_Exercise requirements_. Go through the material below and copy all lines with "case".

_Records for the task_.
lemma double_counting_le:
  assumes "finite A" "finite W" "\<forall>g\<in>A. finite g \<and> card g \<le> k"
    and "\<forall>w\<in>W. D \<le> card {g\<in>A. w \<in> g}"
  shows "D * card W \<le> k * card A"
proof -
  have "D * card W = (\<Sum>w\<in>W. D)" by simp
  also have "\<dots> \<le> (\<Sum>w\<in>W. card {g\<in>A. w \<in> g})"
    using assms(4) by (intro sum_mono) auto
  also have "\<dots> = (\<Sum>g\<in>A. card {w\<in>W. w \<in> g})"
    using sum.swap_restrict[OF assms(2,1), of "\<lambda>_ _. 1::nat" "\<lambda>w g. w \<in> g"] by simp
  also have "\<dots> \<le> (\<Sum>g\<in>A. k)"
  proof (rule sum_mono)
    fix g assume "g \<in> A"
    then have "card {w\<in>W. w \<in> g} \<le> card g" using assms(3) by (intro card_mono) auto
    then show "card {w\<in>W. w \<in> g} \<le> k" using assms(3) \<open>g \<in> A\<close> by auto
  qed
  finally show ?thesis by (simp add: mult.commute)
qed

locale trail_growth =
  fixes V :: "'a set" and E :: "'a set set"
    and leE :: "('a set \<times> 'a set) set" and leV :: "('a \<times> 'a) set"
    and e :: "'a set" and D :: nat
  assumes graph: "ordered_graph V E leE leV" and e_edge: "e \<in> E"
begin

abbreviation hgt :: "'a set \<Rightarrow> nat" where
  "hgt \<equiv> height V E leE leV"

lemma simple: "simple_graph V E" and linear: "linear_order_on E leE"
  using graph unfolding ordered_graph_def by auto

lemma finite_V: "finite V"
  using simple unfolding simple_graph_def by simp

lemma two_le_card_V: "2 \<le> card V"
  using card_mono[OF finite_V simple_graph_edge_subset[OF simple e_edge]]
    simple_graph_card_edge[OF simple e_edge] by simp

definition admissible :: "nat \<Rightarrow> 'a list \<Rightarrow> bool" where
  "admissible s ws \<longleftrightarrow> increasing_trail E leE ws \<and> hd (walk_edges ws) = e \<and>
     trail_length ws = Suc s \<and> (\<forall>g\<in>set (walk_edges ws). hgt e \<le> hgt g + s * D)"

definition frontier :: "nat \<Rightarrow> 'a set" where
  "frontier s = last ` Collect (admissible s)"

definition extension_edges :: "nat \<Rightarrow> 'a set set" where
  "extension_edges s = {g\<in>E. \<exists>ws. admissible s ws \<and> last ws \<in> g \<and>
     (last (walk_edges ws), g) \<in> leE \<and> g \<noteq> last (walk_edges ws) \<and> hgt e \<le> hgt g + Suc s * D}"

lemma admissible_last_edge:
  assumes "admissible s ws"
  shows "last (walk_edges ws) \<in> E" "last ws \<in> last (walk_edges ws)"
    "hgt e \<le> hgt (last (walk_edges ws)) + s * D"
proof -
  have "2 \<le> length ws" "set (walk_edges ws) \<subseteq> E"
    using assms unfolding admissible_def increasing_trail_def by auto
  then have "last (walk_edges ws) \<in> set (walk_edges ws)" by simp
  then show "last (walk_edges ws) \<in> E" "hgt e \<le> hgt (last (walk_edges ws)) + s * D"
    using assms \<open>set (walk_edges ws) \<subseteq> E\<close> unfolding admissible_def by auto
  show "last ws \<in> last (walk_edges ws)" by (rule last_mem_last_walk_edge) fact
qed

lemma frontier_subset: "frontier s \<subseteq> V"
proof
  fix w assume "w \<in> frontier s"
  then obtain ws where "admissible s ws" "w = last ws" unfolding frontier_def by auto
  then have "last (walk_edges ws) \<in> E" "w \<in> last (walk_edges ws)"
    using admissible_last_edge by auto
  then show "w \<in> V" using simple_graph_edge_subset[OF simple] by blast
qed

lemma finite_frontier: "finite (frontier s)"
  using finite_subset[OF frontier_subset finite_V] .

lemma finite_extension_edges: "finite (extension_edges s)"
  using simple_graph_finite_edges[OF simple] unfolding extension_edges_def by simp

lemma subgraph_extension_edges: "subgraph (\<Union>(extension_edges s)) (extension_edges s) V E"
  using simple_graph_edge_subset[OF simple] unfolding subgraph_def extension_edges_def by auto

lemma card_frontier_0: "2 \<le> card (frontier 0)"
proof -
  obtain u v where "u \<in> V" "v \<in> V" "u \<noteq> v" "e = {u, v}"
    by (rule simple_graph_edgeD[OF simple e_edge])
  moreover have "walk_edges [u, v] = [{u, v}]" "walk_edges [v, u] = [{u, v}]"
    unfolding walk_edges_def by (simp_all add: insert_commute)
  ultimately have "admissible 0 [u, v]" "admissible 0 [v, u]"
    using e_edge unfolding admissible_def increasing_trail_def trail_length_def by simp_all
  then have "{last [v, u], last [u, v]} \<subseteq> frontier 0"
    unfolding frontier_def by blast
  then have "{u, v} \<subseteq> frontier 0" by simp
  moreover have "card {u, v} = 2" using \<open>u \<noteq> v\<close> by simp
  ultimately show ?thesis using card_mono[OF finite_frontier] by metis
qed

lemma extension_edge_extends:
  assumes "g \<in> extension_edges s"
  obtains ws y where "admissible s ws" "g = {last ws, y}" "admissible (Suc s) (ws @ [y])"
    "last (walk_edges (ws @ [y])) = g"
proof -
  obtain ws where ws: "admissible s ws" "last ws \<in> g" "(last (walk_edges ws), g) \<in> leE"
      "g \<noteq> last (walk_edges ws)" "hgt e \<le> hgt g + Suc s * D" and "g \<in> E"
    using assms unfolding extension_edges_def by blast
  obtain a b where "g = {a, b}"
    using simple \<open>g \<in> E\<close> by (auto elim: simple_graph_edgeD)
  then obtain y where y: "g = {last ws, y}"
    using \<open>last ws \<in> g\<close> by (auto simp: insert_commute)
  have trail: "increasing_trail E leE ws" and "walk_edges ws \<noteq> []"
    using ws(1) unfolding admissible_def increasing_trail_def by auto
  then have "ws \<noteq> []" by auto
  then have edges: "walk_edges (ws @ [y]) = walk_edges ws @ [g]"
    by (simp add: walk_edges_snoc y)
  have "increasing_trail E leE (ws @ [y])"
    using increasing_trail_snoc[OF linear trail] ws(3,4) \<open>g \<in> E\<close> y by simp
  moreover have "\<forall>g'\<in>set (walk_edges ws). hgt e \<le> hgt g' + Suc s * D"
    using ws(1) unfolding admissible_def by fastforce
  ultimately have "admissible (Suc s) (ws @ [y])"
    using ws(1,5) \<open>walk_edges ws \<noteq> []\<close> unfolding admissible_def trail_length_def edges
    by simp
  then show ?thesis using that ws(1) y edges by simp
qed

lemma Union_extension_edges_subset:
  "\<Union>(extension_edges s) \<subseteq> frontier s \<union> frontier (Suc s)"
proof
  fix x assume "x \<in> \<Union>(extension_edges s)"
  then obtain g where "g \<in> extension_edges s" "x \<in> g" by auto
  then obtain ws y where "admissible s ws" "g = {last ws, y}" "admissible (Suc s) (ws @ [y])"
    using extension_edge_extends by metis
  then show "x \<in> frontier s \<union> frontier (Suc s)"
    using \<open>x \<in> g\<close> unfolding frontier_def by (auto intro!: image_eqI)
qed

lemma degree_extension_edges:
  assumes "Suc s * D < hgt e" "w \<in> frontier s"
  shows "D \<le> card {g\<in>extension_edges s. w \<in> g}"
proof -
  obtain ws where ws: "admissible s ws" "w = last ws"
    using assms(2) unfolding frontier_def by auto
  define f where "f = last (walk_edges ws)"
  have f: "f \<in> E" "w \<in> f" "hgt e \<le> hgt f + s * D"
    using admissible_last_edge[OF ws(1)] ws(2) unfolding f_def by auto
  have "{hgt f - D..<hgt f} \<subseteq> hgt ` {g\<in>extension_edges s. w \<in> g}"
  proof
    fix i assume i: "i \<in> {hgt f - D..<hgt f}"
    have "1 \<le> i" "i < hgt f" "hgt e \<le> i + Suc s * D" using i f(3) assms(1) by auto
    then obtain g where "g \<in> E" "w \<in> g" "hgt g = i" "(f, g) \<in> leE" "g \<noteq> f"
      using exists_larger_edge_of_height[OF graph f(1,2)] by blast
    then have "g \<in> extension_edges s"
      using ws \<open>hgt e \<le> i + Suc s * D\<close> unfolding extension_edges_def f_def by blast
    then show "i \<in> hgt ` {g\<in>extension_edges s. w \<in> g}"
      using \<open>w \<in> g\<close> \<open>hgt g = i\<close> by blast
  qed
  then have "card {hgt f - D..<hgt f} \<le> card (hgt ` {g\<in>extension_edges s. w \<in> g})"
    using finite_extension_edges by (intro card_mono) auto
  also have "\<dots> \<le> card {g\<in>extension_edges s. w \<in> g}"
    by (rule card_image_le) (simp add: finite_extension_edges)
  finally have "card {hgt f - D..<hgt f} \<le> card {g\<in>extension_edges s. w \<in> g}" .
  moreover have "D \<le> hgt f" using f(3) assms(1) by simp
  ultimately show ?thesis by simp
qed

lemma card_frontier_Suc_gt:
  fixes h :: real
  assumes "0 < h" "3 * h \<le> D" "Suc s * D < hgt e" "frontier s \<noteq> {}"
    and "avg_degree (\<Union>(extension_edges s)) (extension_edges s) < h"
  shows "2 * card (frontier s) < card (frontier (Suc s))"
proof -
  let ?A = "extension_edges s" and ?W = "frontier s" and ?W' = "frontier (Suc s)"
  have "\<forall>g\<in>?A. finite g \<and> card g \<le> 2"
    using simple_graph_card_edge[OF simple] unfolding extension_edges_def by (auto intro: card_ge_0_finite)
  then have incidences: "D * card ?W \<le> 2 * card ?A"
    using double_counting_le[OF finite_extension_edges finite_frontier]
      degree_extension_edges[OF assms(3)] by blast
  have "0 < D" using assms(1,2) by simp
  obtain w where "w \<in> ?W" using assms(4) by auto
  then have "0 < card {g\<in>?A. w \<in> g}"
    using degree_extension_edges[OF assms(3)] \<open>0 < D\<close> by (meson less_le_trans)
  then obtain g where "g \<in> ?A" "w \<in> g"
    by (metis (no_types, lifting) card_gt_0_iff mem_Collect_eq ex_in_conv)
  have "finite (?W \<union> ?W')" using finite_frontier by simp
  then have "finite (\<Union>?A)" using Union_extension_edges_subset by (rule finite_subset[rotated])
  have "card (\<Union>?A) \<le> card ?W + card ?W'"
    using card_mono[OF \<open>finite (?W \<union> ?W')\<close> Union_extension_edges_subset]
      card_Un_le[of ?W ?W'] by linarith
  moreover have "\<Union>?A \<noteq> {}" using \<open>g \<in> ?A\<close> \<open>w \<in> g\<close> by auto
  ultimately have "0 < card (\<Union>?A)" using \<open>finite (\<Union>?A)\<close> by (simp add: card_gt_0_iff)
  then have "2 * card ?A < h * card (\<Union>?A)"
    using assms(5) unfolding avg_degree_def by (simp add: field_simps)
  have "h * (3 * card ?W) \<le> D * card ?W"
    using assms(2) by (simp add: mult_right_mono flip: mult.assoc)
  also have "\<dots> \<le> 2 * card ?A"
    using incidences by (simp flip: of_nat_mult)
  also have "\<dots> < h * card (\<Union>?A)" by fact
  also have "\<dots> \<le> h * (card ?W + card ?W')"
    using \<open>card (\<Union>?A) \<le> card ?W + card ?W'\<close> assms(1) by (simp flip: of_nat_add)
  finally have "real (3 * card ?W) < real (card ?W + card ?W')"
    using assms(1) by (simp add: mult_less_cancel_left_pos)
  then show ?thesis by simp
qed

lemma dense_extension_edges_exist:
  fixes h :: real
  assumes "0 < h" "3 * h \<le> D" "T * D < hgt e" "card V < 2 ^ Suc T"
  shows "\<exists>s\<le>T. h \<le> avg_degree (\<Union>(extension_edges s)) (extension_edges s)"
proof (rule ccontr)
  assume "\<not> ?thesis"
  then have sparse: "avg_degree (\<Union>(extension_edges s)) (extension_edges s) < h" if "s \<le> T" for s
    using that by force
  have "2 ^ Suc s \<le> card (frontier s)" if "s \<le> T" for s
    using that
  proof (induction s)
    case 0
    then show ?case using card_frontier_0 by simp
  next
    case (Suc s)
    then have "2 ^ Suc s \<le> card (frontier s)" by simp
    then have "frontier s \<noteq> {}" by auto
    moreover have "Suc s * D < hgt e"
      using Suc.prems assms(3) by (meson le_less_trans mult_le_mono1)
    ultimately have "2 * card (frontier s) < card (frontier (Suc s))"
      using card_frontier_Suc_gt[OF assms(1,2)] sparse Suc.prems by simp
    then show ?case using \<open>2 ^ Suc s \<le> card (frontier s)\<close> by simp
  qed
  then have "2 ^ Suc T \<le> card (frontier T)" by simp
  also have "\<dots> \<le> card V" using card_mono[OF finite_V frontier_subset] .
  finally show False using assms(4) by simp
qed

lemma extension_edge_trail:
  assumes "f \<in> extension_edges s"
  obtains ws where "increasing_trail E leE ws" "hd (walk_edges ws) = e"
    "last (walk_edges ws) = f" "trail_length ws = s + 2"
    "\<forall>g\<in>set (walk_edges ws). real (hgt e) - real (Suc s * D) \<le> real (hgt g)"
proof -
  obtain ws y where "admissible (Suc s) (ws @ [y])" "last (walk_edges (ws @ [y])) = f"
    using extension_edge_extends[OF assms] by metis
  moreover have "real (hgt e) \<le> real (hgt g) + real (Suc s * D)"
    if "admissible (Suc s) ws'" "g \<in> set (walk_edges ws')" for ws' g
  proof -
    have "hgt e \<le> hgt g + Suc s * D" using that unfolding admissible_def by blast
    then show ?thesis by (simp only: flip: of_nat_add of_nat_le_iff)
  qed
  ultimately show ?thesis
    using that[of "ws @ [y]"] unfolding admissible_def by fastforce
qed

end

_Answer for the task_.
    case 0
    then show ?case using card_frontier_0 by simp
    case (Suc s)
    then show ?case using \<open>2 ^ Suc s \<le> card (frontier s)\<close> by simp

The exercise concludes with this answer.